Demikian dikatakan Aviliani, peneliti INDEF, sekaligus komisaris independen Bank Rakyat Indonesia (BRI) di Jakarta, Jumat (26/6).
 
"Bikin iklan yang dramatis, agar memperikan dampak bagi penonton. Seperti iklan HIV atau penyakit mematikan lain," imbuhnya.
 
Kondisi sanitasi yang buruk menyebabkan kerugian sebesar Rp 58 triliun per tahun, untuk menutup biaya pengobatan, perawatan kesehatan, kematian bayi dan hilangnya waktu produktif.
 
 
Buruknya sanitasi, kata Aviliani, tidak bisa dipisahkan dari budaya masyarakat sendiri. Tak hanya itu, pemerintah daerah juga belum peduli tentang masalah sanitasi di daerahnya. "Tata ruang di desa tidak bagus, itu berpengaruh pada sanitasi juga. Selain itu tidak ada koordinasi yang baik antardaerah, saling tumpang tindih," terangnya.
 
Untuk mengatasi masalah tersebut, Aviliani menyarankan beberapa hal. Yang pertama adalah pemerintah harus melakukan sosialiasi kepada masyarakat. "Budaya masyarakat hanya dapat diubah dengan cara sosialisasi secara terus menerus.
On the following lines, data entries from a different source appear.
lemma sum_single_crossing_nonneg:
  fixes f r d :: "nat \<Rightarrow> real"
  assumes f_nonneg: "\<And>x. x \<le> n \<Longrightarrow> 0 \<le> f x"
    and r_mono: "\<And>x y. x \<le> y \<Longrightarrow> y \<le> n \<Longrightarrow> r x \<le> r y"
    and r_nonneg: "\<And>x. x \<le> n \<Longrightarrow> 0 \<le> r x"
    and crossing: "\<And>x y. x \<le> y \<Longrightarrow> y \<le> n \<Longrightarrow> 0 \<le> d x \<Longrightarrow> 0 \<le> d y"
    and base: "0 \<le> (\<Sum>x = 0..n. f x * d x)"
  shows "0 \<le> (\<Sum>x = 0..n. r x * f x * d x)"
proof -
  obtain k where "k \<le> n" and k: "\<And>x. x \<le> n \<Longrightarrow> 0 \<le> (r x - r k) * d x"
  proof (cases "\<exists>x\<le>n. 0 \<le> d x")
    case True
    define k where "k = (LEAST x. x \<le> n \<and> 0 \<le> d x)"
    have "k \<le> n" "0 \<le> d k" using LeastI_ex[OF True] unfolding k_def by auto
    have "0 \<le> (r x - r k) * d x" if "x \<le> n" for x
    proof (cases "x < k")
      case True
      then have "d x < 0" using not_less_Least[of x "\<lambda>x. x \<le> n \<and> 0 \<le> d x"] that unfolding k_def by auto
      moreover have "r x \<le> r k" using r_mono True \<open>k \<le> n\<close> by simp
      ultimately show ?thesis by (simp add: mult_nonpos_nonpos)
    next
      case False
      then show ?thesis using crossing[of k x] r_mono[of k x] \<open>0 \<le> d k\<close> that by simp
    qed
    then show ?thesis using that \<open>k \<le> n\<close> by blast
  next
    case False
    have "0 \<le> (r x - r n) * d x" if "x \<le> n" for x
    proof -
      have "d x < 0" "r x \<le> r n" using False r_mono[of x n] that by auto
      then show ?thesis by (simp add: mult_nonpos_nonpos)
    qed
    then show ?thesis using that by blast
  qed
  have "(\<Sum>x = 0..n. r x * f x * d x)
      = (\<Sum>x = 0..n. (r x - r k) * d x * f x) + r k * (\<Sum>x = 0..n. f x * d x)"
    by (simp add: sum_distrib_left sum.distrib[symmetric] algebra_simps)
  also have "0 \<le> \<dots>"
    using k f_nonneg r_nonneg[OF \<open>k \<le> n\<close>] base by (intro add_nonneg_nonneg sum_nonneg) auto
  finally show ?thesis .
qed

lemma binom_power_single_crossing_nonneg:
  assumes "0 < \<theta>0" "\<theta>0 < \<theta>1" "\<theta>1 < 1"
    and crossing: "\<And>x y. x \<le> y \<Longrightarrow> y \<le> n \<Longrightarrow> 0 \<le> d x \<Longrightarrow> 0 \<le> d y"
    and "0 \<le> binom_power n \<theta>0 d"
  shows "0 \<le> binom_power n \<theta>1 d"
proof -
  define f where "f x = real (n choose x) * \<theta>0 ^ x * (1 - \<theta>0) ^ (n - x)" for x
  define r where "r x = (\<theta>1 / \<theta>0) ^ x * ((1 - \<theta>1) / (1 - \<theta>0)) ^ (n - x)" for x
  have "real (n choose x) * \<theta>1 ^ x * (1 - \<theta>1) ^ (n - x) = r x * f x" for x
    using assms(1-3) unfolding r_def f_def by (simp add: field_simps)
  then have "binom_power n \<theta>1 d = (\<Sum>x = 0..n. r x * f x * d x)"
    unfolding binom_power_def by simp
  also have "0 \<le> \<dots>"
  proof (rule sum_single_crossing_nonneg[OF _ _ _ crossing])
    show "0 \<le> f x" "0 \<le> r x" for x
      using assms(1-3) unfolding f_def r_def by simp_all
    show "r x \<le> r y" if "x \<le> y" "y \<le> n" for x y
      using assms(1-3) that unfolding r_def
      by (intro mult_mono power_increasing power_decreasing) auto
    show "0 \<le> (\<Sum>x = 0..n. f x * d x)"
      using assms(5) unfolding binom_power_def f_def by simp
  qed
  finally show ?thesis .
qed

lemma dp_max_next_test_most_powerful:
  assumes "0 < \<theta>0" "\<theta>0 < \<theta>1" "\<theta>1 < 1" and \<psi>_DP: "\<psi> \<in> DP_tests n \<epsilon> 0"
    and \<phi>_step: "\<And>x. x < n \<Longrightarrow> \<phi> (x + 1) = dp_max_next (exp (- \<epsilon>)) (\<phi> x)"
    and size: "binom_power n \<theta>0 \<psi> \<le> binom_power n \<theta>0 \<phi>"
  shows "binom_power n \<theta>1 \<psi> \<le> binom_power n \<theta>1 \<phi>"
proof -
  have "0 \<le> binom_power n \<theta>1 (\<lambda>x. \<phi> x - \<psi> x)"
  proof (rule binom_power_single_crossing_nonneg[OF assms(1-3)])
    show "0 \<le> \<phi> y - \<psi> y" if "x \<le> y" "y \<le> n" "0 \<le> \<phi> x - \<psi> x" for x y
      using DP_tests_dominated[OF \<psi>_DP, of \<phi> x y] \<phi>_step that by simp
    show "0 \<le> binom_power n \<theta>0 (\<lambda>x. \<phi> x - \<psi> x)"
      using size binom_power_diff[of n \<theta>0 \<phi> \<psi>] by simp
  qed
  then show ?thesis using binom_power_diff[of n \<theta>1 \<phi> \<psi>] by simp
qed

theorem theorem3:
  fixes \<epsilon> \<alpha> \<theta>0 \<theta>1 m :: real and n :: nat
  assumes "\<epsilon> > 0" and "0 < \<alpha>" and "\<alpha> < 1"
    and "0 < \<theta>0" and "\<theta>0 < \<theta>1" and "\<theta>1 < 1" and "n \<ge> 1"
    and "binom_power n \<theta>0 (\<lambda>x. tulap_cdf 0 (exp (- \<epsilon>)) 0 (real x - m)) = \<alpha>"
  shows "is_UMP n (DP_tests n \<epsilon> 0) {\<theta>0} {\<theta>1} \<alpha>
           (\<lambda>x. tulap_cdf 0 (exp (- \<epsilon>)) 0 (real x - m))"
proof -
  define b where "b = exp (- \<epsilon>)"
  have b: "0 < b" "b < 1" unfolding b_def using assms(1) by auto
  define \<phi> where "\<phi> x = tulap0_cdf 0 b (real x - m)" for x
  have \<phi>_eq: "(\<lambda>x. tulap_cdf 0 (exp (- \<epsilon>)) 0 (real x - m)) = \<phi>"
    unfolding \<phi>_def b_def[symmetric] using tulap_cdf_no_truncation tulap0_cdf_bounds[OF b] by simp
  have \<phi>_step: "\<phi> (x + 1) = dp_max_next (exp (- \<epsilon>)) (\<phi> x)" for x
    using tulap0_cdf_succ[OF b, of "real x - m"] unfolding \<phi>_def b_def by (simp add: algebra_simps)
  have \<phi>_DP: "\<phi> \<in> DP_tests n \<epsilon> 0"
    using assms(1) tulap0_cdf_bounds[OF b] \<phi>_step unfolding \<phi>_def
    by (intro dp_max_next_in_DP_tests) auto
  show ?thesis
    using assms(8) \<phi>_DP dp_max_next_test_most_powerful[where \<phi> = \<phi>, OF assms(4-6) _ \<phi>_step]
    unfolding is_UMP_def \<phi>_eq by auto
qed

end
Depkes juga harus menyiapkan anggaran tambahan bagi kesehatan," terangnya.
 
Ia menerangkan, pemerintah daerah juga harus ketat dalam mengawasi tata letak daerahnya. "Jangan hanya mengeluarkan IMB, tapi ditinjau dulu sanitasinya sudah baik atau belum," tuturnya.
 
Cara selanjutnya adalah dengan menggandeng pihak swasta. "Swasta harus memasukan anggaran untuk sanitasi dalam buku besar mereka, itu akan membantu memperbaiki sanitasi yang terlanjur buruk," urainya.
 
Jika kesemuanya dilakukan, Aviliani meyakini sanitasi akan menjadi lebih baik dan negara dapat melakukan penghematan. "Dengan kondisi sanitasi baik pemerintah dapat melakukan penghematan sebesar Rp 40 triliun per tahun,"pungkas dia.